* [WHAT IS EXPECTED]: Scan the material and copy every line in which "bexI" appears.

* [DATASET ENTRIES]:
::::::

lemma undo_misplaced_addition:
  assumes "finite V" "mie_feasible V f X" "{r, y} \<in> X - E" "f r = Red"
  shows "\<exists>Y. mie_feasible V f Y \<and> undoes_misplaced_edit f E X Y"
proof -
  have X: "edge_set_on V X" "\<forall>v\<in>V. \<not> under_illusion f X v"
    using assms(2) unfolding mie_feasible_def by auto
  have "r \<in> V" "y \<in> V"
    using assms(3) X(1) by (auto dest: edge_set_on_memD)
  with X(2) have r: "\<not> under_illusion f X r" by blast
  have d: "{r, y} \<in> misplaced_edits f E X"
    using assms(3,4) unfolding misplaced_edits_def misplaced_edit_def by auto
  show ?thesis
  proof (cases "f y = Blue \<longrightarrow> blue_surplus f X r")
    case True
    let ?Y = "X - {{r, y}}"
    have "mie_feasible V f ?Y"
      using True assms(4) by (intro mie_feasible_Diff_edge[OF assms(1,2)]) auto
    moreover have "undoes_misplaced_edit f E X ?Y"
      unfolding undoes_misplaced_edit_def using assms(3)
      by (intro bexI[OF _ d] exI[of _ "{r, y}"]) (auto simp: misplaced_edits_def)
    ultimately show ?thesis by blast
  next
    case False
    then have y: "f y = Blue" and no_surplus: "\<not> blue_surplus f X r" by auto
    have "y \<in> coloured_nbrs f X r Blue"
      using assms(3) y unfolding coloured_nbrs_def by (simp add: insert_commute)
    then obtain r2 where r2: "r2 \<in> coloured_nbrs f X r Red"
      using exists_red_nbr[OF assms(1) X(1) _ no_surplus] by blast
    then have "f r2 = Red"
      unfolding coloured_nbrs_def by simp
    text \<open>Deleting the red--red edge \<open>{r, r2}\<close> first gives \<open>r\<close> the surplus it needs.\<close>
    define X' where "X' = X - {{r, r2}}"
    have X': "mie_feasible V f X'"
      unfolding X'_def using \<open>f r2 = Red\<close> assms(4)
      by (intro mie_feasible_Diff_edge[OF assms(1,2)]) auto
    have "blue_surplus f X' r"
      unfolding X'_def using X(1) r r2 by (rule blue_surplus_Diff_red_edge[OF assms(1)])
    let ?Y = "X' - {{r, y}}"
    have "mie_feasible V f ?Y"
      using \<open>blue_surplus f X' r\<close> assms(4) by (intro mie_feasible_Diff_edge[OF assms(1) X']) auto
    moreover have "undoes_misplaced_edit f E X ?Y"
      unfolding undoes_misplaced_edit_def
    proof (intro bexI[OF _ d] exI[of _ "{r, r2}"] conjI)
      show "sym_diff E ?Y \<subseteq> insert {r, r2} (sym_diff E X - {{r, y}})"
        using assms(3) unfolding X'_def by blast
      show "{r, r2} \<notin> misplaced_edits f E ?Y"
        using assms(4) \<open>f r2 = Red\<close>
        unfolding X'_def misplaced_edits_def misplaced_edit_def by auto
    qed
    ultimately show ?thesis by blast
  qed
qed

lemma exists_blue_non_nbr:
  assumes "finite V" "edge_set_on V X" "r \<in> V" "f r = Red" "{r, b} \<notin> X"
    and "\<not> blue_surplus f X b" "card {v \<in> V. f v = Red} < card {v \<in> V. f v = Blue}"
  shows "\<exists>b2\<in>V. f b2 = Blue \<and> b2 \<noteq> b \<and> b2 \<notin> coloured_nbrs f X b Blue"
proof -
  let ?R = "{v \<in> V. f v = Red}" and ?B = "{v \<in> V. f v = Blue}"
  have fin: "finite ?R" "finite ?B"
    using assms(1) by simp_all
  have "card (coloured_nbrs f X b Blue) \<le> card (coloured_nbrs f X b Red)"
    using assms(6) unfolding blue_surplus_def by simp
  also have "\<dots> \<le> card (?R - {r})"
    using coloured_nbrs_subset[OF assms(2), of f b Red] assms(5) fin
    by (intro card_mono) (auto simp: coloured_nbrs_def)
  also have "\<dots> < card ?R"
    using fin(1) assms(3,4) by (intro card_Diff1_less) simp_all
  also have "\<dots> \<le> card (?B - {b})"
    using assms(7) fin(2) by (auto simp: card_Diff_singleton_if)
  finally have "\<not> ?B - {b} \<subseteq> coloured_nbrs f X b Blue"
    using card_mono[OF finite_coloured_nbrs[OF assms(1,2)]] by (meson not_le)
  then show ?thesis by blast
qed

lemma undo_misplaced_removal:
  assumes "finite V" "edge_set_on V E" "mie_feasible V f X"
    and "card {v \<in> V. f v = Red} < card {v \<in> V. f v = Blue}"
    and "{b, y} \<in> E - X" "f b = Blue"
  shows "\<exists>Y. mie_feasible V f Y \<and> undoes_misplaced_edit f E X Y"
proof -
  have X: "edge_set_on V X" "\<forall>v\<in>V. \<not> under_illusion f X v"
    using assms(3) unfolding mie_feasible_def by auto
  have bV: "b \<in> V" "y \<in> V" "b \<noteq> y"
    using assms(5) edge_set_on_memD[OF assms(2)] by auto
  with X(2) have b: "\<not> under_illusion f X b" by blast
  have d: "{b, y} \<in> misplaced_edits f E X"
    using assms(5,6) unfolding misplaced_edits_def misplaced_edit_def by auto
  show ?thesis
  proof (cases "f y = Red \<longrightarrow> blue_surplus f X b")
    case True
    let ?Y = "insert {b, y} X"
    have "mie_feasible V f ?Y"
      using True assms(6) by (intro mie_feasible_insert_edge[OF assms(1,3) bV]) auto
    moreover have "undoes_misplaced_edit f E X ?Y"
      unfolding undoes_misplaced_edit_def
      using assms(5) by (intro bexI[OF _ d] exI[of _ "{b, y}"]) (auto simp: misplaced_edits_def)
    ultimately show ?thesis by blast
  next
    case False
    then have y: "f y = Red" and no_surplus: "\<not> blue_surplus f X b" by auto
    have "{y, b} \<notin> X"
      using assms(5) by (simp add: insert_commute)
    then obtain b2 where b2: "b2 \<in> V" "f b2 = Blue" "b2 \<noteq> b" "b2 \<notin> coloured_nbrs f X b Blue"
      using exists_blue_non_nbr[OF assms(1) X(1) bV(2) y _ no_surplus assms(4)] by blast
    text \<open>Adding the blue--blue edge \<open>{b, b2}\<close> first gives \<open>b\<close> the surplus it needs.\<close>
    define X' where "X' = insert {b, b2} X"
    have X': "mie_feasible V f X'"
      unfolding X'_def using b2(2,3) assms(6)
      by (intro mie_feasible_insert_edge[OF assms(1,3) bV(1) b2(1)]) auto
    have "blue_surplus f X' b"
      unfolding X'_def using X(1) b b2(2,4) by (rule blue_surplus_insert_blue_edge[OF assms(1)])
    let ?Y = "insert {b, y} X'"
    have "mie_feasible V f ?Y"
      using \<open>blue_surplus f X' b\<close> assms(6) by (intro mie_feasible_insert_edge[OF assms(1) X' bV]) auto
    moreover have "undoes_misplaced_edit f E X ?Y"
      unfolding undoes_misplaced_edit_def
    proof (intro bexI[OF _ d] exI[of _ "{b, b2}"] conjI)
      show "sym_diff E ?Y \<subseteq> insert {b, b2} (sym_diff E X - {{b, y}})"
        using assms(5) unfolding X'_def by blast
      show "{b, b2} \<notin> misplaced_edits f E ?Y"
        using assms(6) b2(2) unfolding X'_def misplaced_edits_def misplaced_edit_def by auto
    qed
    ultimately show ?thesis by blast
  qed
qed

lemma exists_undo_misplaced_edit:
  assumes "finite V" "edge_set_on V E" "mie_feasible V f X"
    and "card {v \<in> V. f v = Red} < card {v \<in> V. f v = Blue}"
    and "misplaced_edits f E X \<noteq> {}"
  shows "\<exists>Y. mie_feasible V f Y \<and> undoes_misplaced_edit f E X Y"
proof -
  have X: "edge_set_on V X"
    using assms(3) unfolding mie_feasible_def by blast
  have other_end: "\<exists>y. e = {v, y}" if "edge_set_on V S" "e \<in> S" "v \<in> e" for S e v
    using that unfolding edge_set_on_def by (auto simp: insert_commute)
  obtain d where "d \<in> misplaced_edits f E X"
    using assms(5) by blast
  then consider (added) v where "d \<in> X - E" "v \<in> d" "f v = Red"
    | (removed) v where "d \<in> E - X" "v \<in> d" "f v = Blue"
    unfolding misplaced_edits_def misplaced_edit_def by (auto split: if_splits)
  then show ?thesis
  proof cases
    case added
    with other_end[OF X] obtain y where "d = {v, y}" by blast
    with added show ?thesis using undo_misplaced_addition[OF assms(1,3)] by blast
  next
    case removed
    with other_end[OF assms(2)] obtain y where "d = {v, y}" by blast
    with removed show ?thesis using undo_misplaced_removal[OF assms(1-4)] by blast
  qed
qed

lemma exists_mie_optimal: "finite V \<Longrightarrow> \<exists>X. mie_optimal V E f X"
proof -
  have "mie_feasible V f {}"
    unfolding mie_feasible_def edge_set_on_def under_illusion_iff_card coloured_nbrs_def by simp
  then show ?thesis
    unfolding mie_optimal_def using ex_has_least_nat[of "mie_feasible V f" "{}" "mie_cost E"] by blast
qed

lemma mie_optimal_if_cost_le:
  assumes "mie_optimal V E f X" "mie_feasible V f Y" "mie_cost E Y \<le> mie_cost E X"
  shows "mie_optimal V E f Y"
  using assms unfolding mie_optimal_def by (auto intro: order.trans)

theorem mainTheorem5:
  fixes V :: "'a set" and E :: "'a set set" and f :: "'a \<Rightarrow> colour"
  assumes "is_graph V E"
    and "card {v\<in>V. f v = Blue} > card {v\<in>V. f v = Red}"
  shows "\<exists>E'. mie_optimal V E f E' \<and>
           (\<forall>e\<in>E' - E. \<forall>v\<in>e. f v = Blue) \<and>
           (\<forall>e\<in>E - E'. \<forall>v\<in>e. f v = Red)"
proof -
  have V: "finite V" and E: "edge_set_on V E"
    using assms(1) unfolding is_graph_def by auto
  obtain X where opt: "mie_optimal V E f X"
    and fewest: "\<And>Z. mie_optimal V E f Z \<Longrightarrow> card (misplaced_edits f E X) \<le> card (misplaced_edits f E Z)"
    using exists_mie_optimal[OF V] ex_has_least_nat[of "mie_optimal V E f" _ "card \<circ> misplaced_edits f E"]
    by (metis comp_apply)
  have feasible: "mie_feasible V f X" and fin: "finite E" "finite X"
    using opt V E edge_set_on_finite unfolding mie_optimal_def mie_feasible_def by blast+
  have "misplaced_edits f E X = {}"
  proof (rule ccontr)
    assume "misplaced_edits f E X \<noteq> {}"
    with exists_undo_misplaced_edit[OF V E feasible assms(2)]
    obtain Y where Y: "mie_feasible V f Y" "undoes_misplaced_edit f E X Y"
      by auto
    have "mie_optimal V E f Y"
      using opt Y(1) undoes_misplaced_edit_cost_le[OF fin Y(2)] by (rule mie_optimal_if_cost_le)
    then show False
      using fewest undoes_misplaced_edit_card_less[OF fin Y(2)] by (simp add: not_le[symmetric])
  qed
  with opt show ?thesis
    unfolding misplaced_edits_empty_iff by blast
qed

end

::::::

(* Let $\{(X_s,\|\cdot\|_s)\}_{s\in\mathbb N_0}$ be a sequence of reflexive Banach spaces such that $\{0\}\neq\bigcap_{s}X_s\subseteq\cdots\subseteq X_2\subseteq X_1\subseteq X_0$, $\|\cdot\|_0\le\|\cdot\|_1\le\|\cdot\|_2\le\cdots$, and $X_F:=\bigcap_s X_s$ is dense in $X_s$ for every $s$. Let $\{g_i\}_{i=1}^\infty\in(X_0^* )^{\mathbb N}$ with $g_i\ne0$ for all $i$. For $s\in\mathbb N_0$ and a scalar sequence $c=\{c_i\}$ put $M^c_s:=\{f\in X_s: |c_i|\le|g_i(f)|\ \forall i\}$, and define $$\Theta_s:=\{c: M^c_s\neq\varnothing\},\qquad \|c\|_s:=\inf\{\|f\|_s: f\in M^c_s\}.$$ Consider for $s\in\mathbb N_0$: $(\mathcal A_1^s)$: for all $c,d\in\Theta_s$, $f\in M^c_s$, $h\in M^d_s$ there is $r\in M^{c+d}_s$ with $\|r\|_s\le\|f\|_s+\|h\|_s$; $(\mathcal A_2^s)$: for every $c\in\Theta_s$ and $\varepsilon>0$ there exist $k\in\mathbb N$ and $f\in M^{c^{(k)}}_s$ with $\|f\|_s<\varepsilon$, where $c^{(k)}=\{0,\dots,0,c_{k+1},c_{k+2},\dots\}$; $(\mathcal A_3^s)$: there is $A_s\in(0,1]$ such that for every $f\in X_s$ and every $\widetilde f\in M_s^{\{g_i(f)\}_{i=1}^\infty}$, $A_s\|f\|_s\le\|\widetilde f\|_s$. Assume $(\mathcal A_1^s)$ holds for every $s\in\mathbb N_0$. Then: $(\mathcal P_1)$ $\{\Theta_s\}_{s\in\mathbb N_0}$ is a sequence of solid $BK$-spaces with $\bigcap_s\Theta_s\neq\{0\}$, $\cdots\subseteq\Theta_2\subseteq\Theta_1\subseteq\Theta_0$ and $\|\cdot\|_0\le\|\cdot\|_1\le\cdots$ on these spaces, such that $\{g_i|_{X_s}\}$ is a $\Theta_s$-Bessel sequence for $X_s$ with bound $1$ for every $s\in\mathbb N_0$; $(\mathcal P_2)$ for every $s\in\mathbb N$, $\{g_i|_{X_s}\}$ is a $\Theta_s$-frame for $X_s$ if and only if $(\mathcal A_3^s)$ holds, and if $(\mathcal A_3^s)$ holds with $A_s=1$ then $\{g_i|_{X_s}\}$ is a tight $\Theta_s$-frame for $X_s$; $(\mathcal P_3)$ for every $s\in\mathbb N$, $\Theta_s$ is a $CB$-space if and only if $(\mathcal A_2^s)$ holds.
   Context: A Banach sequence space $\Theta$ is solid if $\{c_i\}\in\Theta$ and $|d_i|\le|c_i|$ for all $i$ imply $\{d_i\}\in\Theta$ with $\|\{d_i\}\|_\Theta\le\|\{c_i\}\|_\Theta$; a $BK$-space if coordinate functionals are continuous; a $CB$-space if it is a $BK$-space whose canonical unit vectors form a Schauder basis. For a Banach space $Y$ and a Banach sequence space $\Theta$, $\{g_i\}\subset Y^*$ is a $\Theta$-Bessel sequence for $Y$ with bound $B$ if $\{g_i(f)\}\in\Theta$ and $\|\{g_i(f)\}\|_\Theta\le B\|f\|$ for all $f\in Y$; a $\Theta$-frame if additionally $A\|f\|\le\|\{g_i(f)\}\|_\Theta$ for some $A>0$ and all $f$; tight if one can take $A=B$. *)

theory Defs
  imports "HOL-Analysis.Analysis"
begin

::::::

* [WRITTEN SOLUTION]:
      by (intro bexI[OF _ d] exI[of _ "{r, y}"]) (auto simp: misplaced_edits_def)
    proof (intro bexI[OF _ d] exI[of _ "{r, r2}"] conjI)
      using assms(5) by (intro bexI[OF _ d] exI[of _ "{b, y}"]) (auto simp: misplaced_edits_def)
    proof (intro bexI[OF _ d] exI[of _ "{b, b2}"] conjI)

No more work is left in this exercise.